The airline filed for Chapter 11 in August last year, marking its second bankruptcy filing within a year, after a previous turnaround strategy failed to stabilize its finances. Spirit has been exploring multiple options to restructure its business or pursue a strategic transaction while continuing operations.
Discussions with Castlelake come after years of failed consolidation efforts. Fellow ultra-low-cost carrier Frontier Airlines had repeatedly held merger talks with Spirit, including in recent months, but no agreement was reached. A deal between the two carriers collapsed four years ago after JetBlue made a surprise all-cash offer, which was later blocked by a U.S. federal judge on antitrust grounds.
Castlelake, based in Minneapolis, has been active in aviation finance for years and in August launched a new aviation lending platform, Merit AirFinance, with about $1.8 billion in deployable capital. It remains unclear whether Spirit, its bondholders and Castlelake will reach an agreement, or what structure a potential transaction could take.
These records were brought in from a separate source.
lemma the_contracting_ifs_invariant_compact:
  fixes F :: "('a::heine_borel \<Rightarrow> 'a) set" and c :: real
  assumes c: "0 \<le> c" "c < 1"
    and lipschitz: "\<And>f x y. f \<in> F \<Longrightarrow> dist (f x) (f y) \<le> c * dist x y"
    and K: "K \<noteq> {}" "compact K" "(\<Union>f\<in>F. f ` K) = K"
  shows "(THE K'. K' \<noteq> {} \<and> compact K' \<and> K' = (\<Union>f\<in>F. f ` K')) = K"
proof (rule the_equality)
  show "K \<noteq> {} \<and> compact K \<and> K = (\<Union>f\<in>F. f ` K)"
    using K by argo
next
  fix K' assume K': "K' \<noteq> {} \<and> compact K' \<and> K' = (\<Union>f\<in>F. f ` K')"
  have "K' \<subseteq> K"
    by (rule contracting_ifs_invariant_subset[OF c lipschitz]) (use K K' in blast)+
  moreover have "K \<subseteq> K'"
    by (rule contracting_ifs_invariant_subset[OF c lipschitz]) (use K K' in blast)+
  ultimately show "K' = K"
    by (rule subset_antisym)
qed

inductive_set ifs_orbit :: "('a \<Rightarrow> 'a) set \<Rightarrow> 'a \<Rightarrow> 'a set" for F x\<^sub>0 where
  base: "x\<^sub>0 \<in> ifs_orbit F x\<^sub>0"
| step: "f \<in> F \<Longrightarrow> x \<in> ifs_orbit F x\<^sub>0 \<Longrightarrow> f x \<in> ifs_orbit F x\<^sub>0"

lemma ifs_orbit_subset:
  assumes "x\<^sub>0 \<in> C" "\<And>f. f \<in> F \<Longrightarrow> f ` C \<subseteq> C"
  shows "ifs_orbit F x\<^sub>0 \<subseteq> C"
proof
  show "x \<in> C" if "x \<in> ifs_orbit F x\<^sub>0" for x
    using that by induction (use assms in auto)
qed

lemma compact_invariant_closure_ifs_orbit:
  fixes F :: "('a::heine_borel \<Rightarrow> 'a) set"
  assumes "finite F" and cont: "\<And>f. f \<in> F \<Longrightarrow> continuous_on UNIV f"
    and fixpoint: "f\<^sub>0 \<in> F" "f\<^sub>0 x\<^sub>0 = x\<^sub>0" and bounded: "bounded (ifs_orbit F x\<^sub>0)"
  defines "K \<equiv> closure (ifs_orbit F x\<^sub>0)"
  shows "compact K" "(\<Union>f\<in>F. f ` K) = K"
proof -
  show "compact K"
    using bounded by (simp add: K_def compact_closure)
  then have "compact (\<Union>f\<in>F. f ` K)"
    using \<open>finite F\<close> cont by (auto intro: compact_UN compact_continuous_image continuous_on_subset)
  moreover have "ifs_orbit F x\<^sub>0 \<subseteq> (\<Union>f\<in>F. f ` K)"
  proof
    have orbit_in_K: "ifs_orbit F x\<^sub>0 \<subseteq> K"
      unfolding K_def by (rule closure_subset)
    fix x assume "x \<in> ifs_orbit F x\<^sub>0"
    then show "x \<in> (\<Union>f\<in>F. f ` K)"
    proof cases
      case base
      then show ?thesis
        using fixpoint orbit_in_K ifs_orbit.base by (metis UN_iff image_eqI subsetD)
    next
      case (step f y)
      then show ?thesis
        using orbit_in_K by blast
    qed
  qed
  ultimately have "K \<subseteq> (\<Union>f\<in>F. f ` K)"
    unfolding K_def by (simp add: closure_minimal compact_imp_closed)
  moreover have "f ` K \<subseteq> K" if "f \<in> F" for f
    unfolding K_def using that cont
    by (intro image_closure_subset) (auto intro: ifs_orbit.step continuous_on_subset closure_subset[THEN subsetD])
  ultimately show "(\<Union>f\<in>F. f ` K) = K"
    by blast
qed

lemma ifs_orbit_scale_power:
  fixes r :: "'a::monoid_mult"
  assumes "(\<lambda>x. r * x) \<in> F" "x \<in> ifs_orbit F x\<^sub>0"
  shows "r ^ n * x \<in> ifs_orbit F x\<^sub>0"
  by (induction n) (use assms in \<open>auto simp: mult.assoc dest: ifs_orbit.step\<close>)

definition pq_maps :: "real \<Rightarrow> real \<Rightarrow> (real \<Rightarrow> real) set" where
  "pq_maps p q = {\<lambda>x. p * x, \<lambda>x. q * x, \<lambda>x. p * x + 1 - p, \<lambda>x. q * x + 1 - q}"

lemma pq_maps_image_Union:
  "(\<Union>f\<in>pq_maps p q. f ` K) =
     (\<lambda>x. p * x) ` K \<union> (\<lambda>x. q * x) ` K \<union> (\<lambda>x. p * x + 1 - p) ` K \<union> (\<lambda>x. q * x + 1 - q) ` K"
  by (auto simp: pq_maps_def)

lemma dist_affine_real: "0 \<le> r \<Longrightarrow> dist (r * x + b) (r * y + b) = r * dist x y" for r b x y :: real
  by (simp add: dist_real_def abs_mult flip: right_diff_distrib)

lemma dist_pq_maps_le:
  assumes "0 < p" "0 < q" "f \<in> pq_maps p q"
  shows "dist (f x) (f y) \<le> max p q * dist x y"
proof -
  have "f = (\<lambda>x. p * x + 0) \<or> f = (\<lambda>x. q * x + 0) \<or>
        f = (\<lambda>x. p * x + (1 - p)) \<or> f = (\<lambda>x. q * x + (1 - q))"
    using assms(3) unfolding pq_maps_def by (auto simp: fun_eq_iff)
  then obtain r b where "f = (\<lambda>x. r * x + b)" "r = p \<or> r = q"
    by blast
  then have "dist (f x) (f y) = r * dist x y"
    using assms(1,2) dist_affine_real[of r] by auto
  also have "\<dots> \<le> max p q * dist x y"
    using \<open>r = p \<or> r = q\<close> by (auto intro: mult_right_mono)
  finally show ?thesis .
qed

lemma pq_maps_unit_interval:
  assumes "0 < p" "p < 1" "0 < q" "q < 1" "f \<in> pq_maps p q" "x \<in> {0..1}"
  shows "f x \<in> {0..1}"
proof -
  have "r * x \<in> {0..1}" "r * x + 1 - r \<in> {0..1}" if "0 < r" "r < 1" for r :: real
  proof -
    have "0 \<le> r * x" "r * x \<le> r"
      using that assms(6) mult_left_le[of x r] by auto
    then show "r * x \<in> {0..1}" "r * x + 1 - r \<in> {0..1}"
      using that by (smt (verit) atLeastAtMost_iff)+
  qed
  then show ?thesis
    using assms(1-5) unfolding pq_maps_def by auto
qed

lemma ifs_orbit_pq_unit_interval:
  assumes "0 < p" "p < 1" "0 < q" "q < 1"
  shows "ifs_orbit (pq_maps p q) 0 \<subseteq> {0..1}"
  by (rule ifs_orbit_subset) (use pq_maps_unit_interval[OF assms] in auto)

lemma attractor_pq_eq_closure_orbit:
  assumes p: "0 < p" "p < 1" and q: "0 < q" "q < 1"
  shows "attractor_pq p q = closure (ifs_orbit (pq_maps p q) 0)"
proof -
  define K where "K = closure (ifs_orbit (pq_maps p q) 0)"
  have "bounded (ifs_orbit (pq_maps p q) 0)"
    by (rule bounded_subset[OF bounded_closed_interval ifs_orbit_pq_unit_interval[OF p q]])
  moreover have "finite (pq_maps p q)" "(\<lambda>x. p * x) \<in> pq_maps p q"
    by (simp_all add: pq_maps_def)
  moreover have "continuous_on UNIV f" if "f \<in> pq_maps p q" for f
    using that unfolding pq_maps_def by (auto intro!: continuous_intros)
  ultimately have K: "compact K" "(\<Union>f\<in>pq_maps p q. f ` K) = K"
    using compact_invariant_closure_ifs_orbit[of "pq_maps p q" "\<lambda>x. p * x" 0]
    unfolding K_def by simp_all
  have "K \<noteq> {}"
    unfolding K_def using ifs_orbit.base closure_subset by (metis empty_iff subsetD)
  have "(THE K'. K' \<noteq> {} \<and> compact K' \<and> K' = (\<Union>f\<in>pq_maps p q. f ` K')) = K"
  proof (rule the_contracting_ifs_invariant_compact)
    show "0 \<le> max p q" "max p q < 1"
      using p q by auto
    show "dist (f x) (f y) \<le> max p q * dist x y" if "f \<in> pq_maps p q" for f x y
      using dist_pq_maps_le p q that by blast
  qed fact+
  then show ?thesis
    unfolding attractor_pq_def pq_maps_image_Union[symmetric] K_def .
qed

lemma attractor_pq_subset_unit_interval:
  assumes "0 < p" "p < 1" "0 < q" "q < 1"
  shows "attractor_pq p q \<subseteq> {0..1}"
  unfolding attractor_pq_eq_closure_orbit[OF assms]
  by (rule closure_minimal[OF ifs_orbit_pq_unit_interval[OF assms] closed_atLeastAtMost])

lemma zero_in_attractor_pq:
  assumes "0 < p" "p < 1" "0 < q" "q < 1"
  shows "0 \<in> attractor_pq p q"
  unfolding attractor_pq_eq_closure_orbit[OF assms]
  by (rule closure_subset[THEN subsetD, OF ifs_orbit.base])

lemma power_products_in_attractor_pq:
  assumes "0 < p" "p < 1" "0 < q" "q < 1"
  shows "p ^ m * (q ^ n * (1 - p)) \<in> attractor_pq p q"
proof -
  have maps: "(\<lambda>x. p * x) \<in> pq_maps p q" "(\<lambda>x. q * x) \<in> pq_maps p q"
    "(\<lambda>x. p * x + 1 - p) \<in> pq_maps p q"
    by (simp_all add: pq_maps_def)
  have "1 - p \<in> ifs_orbit (pq_maps p q) 0"
    using ifs_orbit.step[OF maps(3) ifs_orbit.base, of 0] by simp
  then have "p ^ m * (q ^ n * (1 - p)) \<in> ifs_orbit (pq_maps p q) 0"
    by (intro ifs_orbit_scale_power maps)
  then show ?thesis
    unfolding attractor_pq_eq_closure_orbit[OF assms] by (rule closure_subset[THEN subsetD])
qed

lemma nat_multiple_bracket:
  fixes y \<gamma> :: real
  assumes "0 \<le> y" "0 < \<gamma>"
  obtains n :: nat where "real n * \<gamma> \<le> y" "y < (real n + 1) * \<gamma>"
proof
  have "real (nat \<lfloor>y / \<gamma>\<rfloor>) = \<lfloor>y / \<gamma>\<rfloor>"
    using assms by simp
  then have "real (nat \<lfloor>y / \<gamma>\<rfloor>) \<le> y / \<gamma>" "y / \<gamma> < real (nat \<lfloor>y / \<gamma>\<rfloor>) + 1"
    by linarith+
  then show "real (nat \<lfloor>y / \<gamma>\<rfloor>) * \<gamma> \<le> y" "y < (real (nat \<lfloor>y / \<gamma>\<rfloor>) + 1) * \<gamma>"
    using assms(2) by (simp_all add: field_simps)
qed

lemma small_nat_combination:
  fixes A B \<delta> :: real
  assumes A: "0 < A" and B: "0 < B" and irrational: "A / B \<notin> \<rat>" and \<delta>: "0 < \<delta>"
  obtains m n :: nat where "0 < \<bar>m * A - n * B\<bar>" "\<bar>m * A - n * B\<bar> < \<delta>"
proof -
  define r where "r = A / B"
  have r: "0 < r"
    using A B by (simp add: r_def)
  obtain N :: nat where N: "max (B / \<delta>) (1 / r) < N"
    using reals_Archimedean2 by blast
  then have "0 < N"
    using r by (metis less_max_iff_disj of_nat_0_less_iff order.strict_trans zero_less_divide_1_iff)
  then obtain h k where k: "0 < k" and approx: "\<bar>of_int k * r - of_int h\<bar> < 1 / N"
    using Dirichlet_approx by metis
  have "1 / N < r"
    using N r \<open>0 < N\<close> by (simp add: field_simps)
  moreover have "r \<le> of_int k * r"
    using k r by simp
  ultimately have "0 < h"
    using approx by linarith
  have "of_int k * r - of_int h \<noteq> 0"
  proof
    assume "of_int k * r - of_int h = 0"
    then have "r = of_int h / of_int k"
      using k by (simp add: field_simps)
    then show False
      using irrational by (simp add: r_def)
  qed
  moreover have "real (nat k) * A - real (nat h) * B = B * (of_int k * r - of_int h)"
    using B k \<open>0 < h\<close> by (simp add: r_def field_simps)
  moreover have "B * \<bar>of_int k * r - of_int h\<bar> < \<delta>"
  proof -
    have "B * \<bar>of_int k * r - of_int h\<bar> < B * (1 / N)"
      using approx B by (intro mult_strict_left_mono)
    also have "\<dots> < \<delta>"
      using N \<delta> \<open>0 < N\<close> by (simp add: field_simps)
    finally show ?thesis .
  qed
  ultimately show ?thesis
    using B by (intro that[of "nat k" "nat h"]) (simp_all add: abs_mult)
qed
As part of its bankruptcy process, Spirit has secured additional short-term funding from creditors, including a $50 million injection agreed in December. The airline said further financing would depend on progress toward either a standalone reorganization plan or a broader strategic deal.
To conserve cash, Spirit has reduced capacity, downsized its fleet and cut jobs. Labor unions agreed last year to wage concessions for pilots and flight attendants, totaling roughly $100 million, in an effort to support the airline’s restructuring and avoid liquidation.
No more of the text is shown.